Actually, I was thinking of Harold and the Purple Crayon.


----------



## jeffwhitfield (Nov 14, 2021)

fig said:


> Actually, I was thinking of Harold and the Purple Crayon.


LOL! Oh, man, that is priceless! Even you didn't know about the Urban Dictionary definitions.


----------



## TravisM (Jan 5, 2022)

Preverb said:


> Did you use the Tayda drill tool and UV printing service for the enclosure?


If you still need the drill template, I just put it together.

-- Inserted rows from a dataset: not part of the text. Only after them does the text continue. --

lemma Ro_tendsto_at_right_0:
  assumes "Ro x"
  shows "(x \<longlongrightarrow> x 0) (at_right 0)"
proof -
  obtain r :: real and k :: nat and \<alpha> a :: "nat \<Rightarrow> real" where a: "\<forall>i<k. a i \<ge> 0"
    and h: "little_o_t (\<lambda>t. x t - (r + (\<Sum>i<k. \<alpha> i * tpow t (a i))))"
    using assms unfolding Ro_def by blast
  define P where "P t = r + (\<Sum>i<k. \<alpha> i * tpow t (a i))" for t
  have "(P \<longlongrightarrow> P 0) (at_right 0)"
    unfolding P_def using a by (intro tendsto_intros tpow_tendsto_at_right_0) auto
  moreover have "((\<lambda>t. x t - P t) \<longlongrightarrow> 0) (at_right 0)"
    using little_o_t_tendsto_0[OF h] by (simp add: P_def)
  ultimately have "((\<lambda>t. (x t - P t) + P t) \<longlongrightarrow> 0 + P 0) (at_right 0)"
    by (intro tendsto_add)
  moreover have "x 0 = P 0"
    using h by (simp add: little_o_t_def P_def)
  ultimately show ?thesis by simp
qed

lemma Ro_const: "Ro (\<lambda>t. r)"
  unfolding Ro_def by (rule exI[of _ r], rule exI[of _ 0]) (simp add: little_o_t_zero)

lemma st_abs_fermat_const: "st (abs_fermat (\<lambda>t. r)) = r"
  by (simp add: st.abs_eq fr_rel_def Ro_const little_o_t_zero)

lemma surj_st: "surj st"
  by (rule surjI[of st "\<lambda>r. abs_fermat (\<lambda>t. r)"]) (rule st_abs_fermat_const)

lemma fle_imp_st_le:
  assumes "fle p q"
  shows "st p \<le> st q"
proof -
  obtain x y z \<delta> where x: "fr_rel x x" "abs_fermat x = p" and y: "fr_rel y y" "abs_fermat y = q"
      and "fr_rel z (\<lambda>t. 0)" "\<delta> > 0" "\<forall>t. 0 \<le> t \<and> t < \<delta> \<longrightarrow> x t \<le> y t + z t"
    using assms unfolding fle_def by blast
  then have "x 0 \<le> y 0 + z 0" and "z 0 = 0"
    by (auto simp: fr_rel_def little_o_t_def)
  moreover have "st p = x 0" "st q = y 0"
    using st.abs_eq x y by auto
  ultimately show ?thesis by simp
qed

lemma st_less_imp_fle:
  assumes "st p < st q"
  shows "fle p q"
proof -
  define x y where "x = rep_fermat p" and "y = rep_fermat q"
  have x: "fr_rel x x" "abs_fermat x = p" and y: "fr_rel y y" "abs_fermat y = q"
    unfolding x_def y_def using Quotient3_fermat Quotient3_rep_reflp Quotient3_abs_rep by metis+
  have "x 0 < y 0"
    using assms by (simp add: st.rep_eq x_def y_def)
  moreover have "((\<lambda>t. y t - x t) \<longlongrightarrow> y 0 - x 0) (at_right 0)"
    using x y by (intro tendsto_diff Ro_tendsto_at_right_0) (auto simp: fr_rel_def)
  ultimately have "\<forall>\<^sub>F t in at_right 0. y t - x t > 0"
    by (intro order_tendstoD) auto
  then obtain \<delta> where "\<delta> > 0" and \<delta>: "\<forall>t>0. t < \<delta> \<longrightarrow> y t - x t > 0"
    by (auto simp: eventually_at_right_field)
  have "\<forall>t. 0 \<le> t \<and> t < \<delta> \<longrightarrow> x t \<le> y t + 0"
  proof (intro allI impI)
    fix t assume "0 \<le> t \<and> t < \<delta>"
    then consider "t = 0" | "0 < t" "t < \<delta>" by linarith
    then show "x t \<le> y t + 0"
      using \<open>x 0 < y 0\<close> \<delta> by cases force+
  qed
  moreover have "fr_rel (\<lambda>t. 0) (\<lambda>t. 0)"
    by (simp add: fr_rel_def Ro_const little_o_t_zero)
  ultimately show ?thesis
    unfolding fle_def using x y \<open>\<delta> > 0\<close> by blast
qed

lemma efle_Fin_st_less_imp_eflt:
  assumes "efle a (Fin x)" "st x < st z"
  shows "eflt a (Fin z)"
proof (cases a)
  case (Fin c)
  with assms have "st c < st z"
    using fle_imp_st_le[of c x] by simp
  with Fin show ?thesis
    using st_less_imp_fle by (auto simp: eflt_def)
qed (use assms in \<open>auto simp: eflt_def\<close>)

lemma st_less_efle_Fin_imp_eflt:
  assumes "efle (Fin x) b" "st z < st x"
  shows "eflt (Fin z) b"
proof (cases b)
  case (Fin c)
  with assms have "st z < st c"
    using fle_imp_st_le[of x c] by simp
  with Fin show ?thesis
    using st_less_imp_fle by (auto simp: eflt_def)
qed (use assms in \<open>auto simp: eflt_def\<close>)

definition st_convex :: "fermat set \<Rightarrow> bool" where
  "st_convex J \<longleftrightarrow> (\<forall>x\<in>J. \<forall>y\<in>J. \<forall>z. st x < st z \<and> st z < st y \<longrightarrow> z \<in> J)"

lemma finterval_between_fIoo_fIcc:
  assumes "is_finterval J"
  obtains a b where "fIoo a b \<subseteq> J" "J \<subseteq> fIcc a b"
proof -
  obtain a b where "J = fIcc a b \<or> J = fIoo a b \<or> J = fIco a b \<or> J = fIoc a b"
    using assms unfolding is_finterval_def by blast
  then have "fIoo a b \<subseteq> J \<and> J \<subseteq> fIcc a b"
    by (elim disjE) (auto simp: fIcc_def fIoo_def fIco_def fIoc_def eflt_def)
  with that show ?thesis by blast
qed

lemma finterval_st_convex:
  assumes "is_finterval J"
  shows "st_convex J"
  unfolding st_convex_def
proof (intro ballI allI impI)
  fix x y z assume "x \<in> J" "y \<in> J" and z: "st x < st z \<and> st z < st y"
  obtain a b where "fIoo a b \<subseteq> J" "J \<subseteq> fIcc a b"
    using assms by (rule finterval_between_fIoo_fIcc)
  with \<open>x \<in> J\<close> \<open>y \<in> J\<close> have "efle a (Fin x)" "efle (Fin y) b"
    by (auto simp: fIcc_def)
  with z have "z \<in> fIoo a b"
    unfolding fIoo_def using efle_Fin_st_less_imp_eflt st_less_efle_Fin_imp_eflt by blast
  with \<open>fIoo a b \<subseteq> J\<close> show "z \<in> J" by blast
qed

						Tayda Electronics Drill
					

Tayda Electronics Drill Designer for custom enclosures.




					drill.taydakits.com


----------



## Preverb (Jan 5, 2022)

TravisM said:


> If you still need the drill template, I just put it together.
> 
> 
> 
> ...


Great.  Thanks.  I think it will be a while before I do this one but it is definitely on the list.  I need to finish quite a few other pedals first.  I really hope Aion Fx creates the PH350 Phaser PCB.  He figured it was going to take a few months to finish though.


----------



## jeffwhitfield (Jan 5, 2022)

Had to look up the PH350 Phaser. That one looks like a nice rotary effect. Could be a cheaper alternative to the Strymon stuff...which is definitely cost prohibitive for me.


----------



## Preverb (Jan 6, 2022)

jeffwhitfield said:


> Had to look up the PH350 Phaser. That one looks like a nice rotary effect. Could be a cheaper alternative to the Strymon stuff...which is definitely cost prohibitive for me.


He said it was a tricky one because it has a few components that are impossible to source so it will require a workaround with modern equivalents.  I asked him about the Maxon PT909 and he said there may be a chance of that one to and it would be easier to design.  (Probably also a while away though).


----------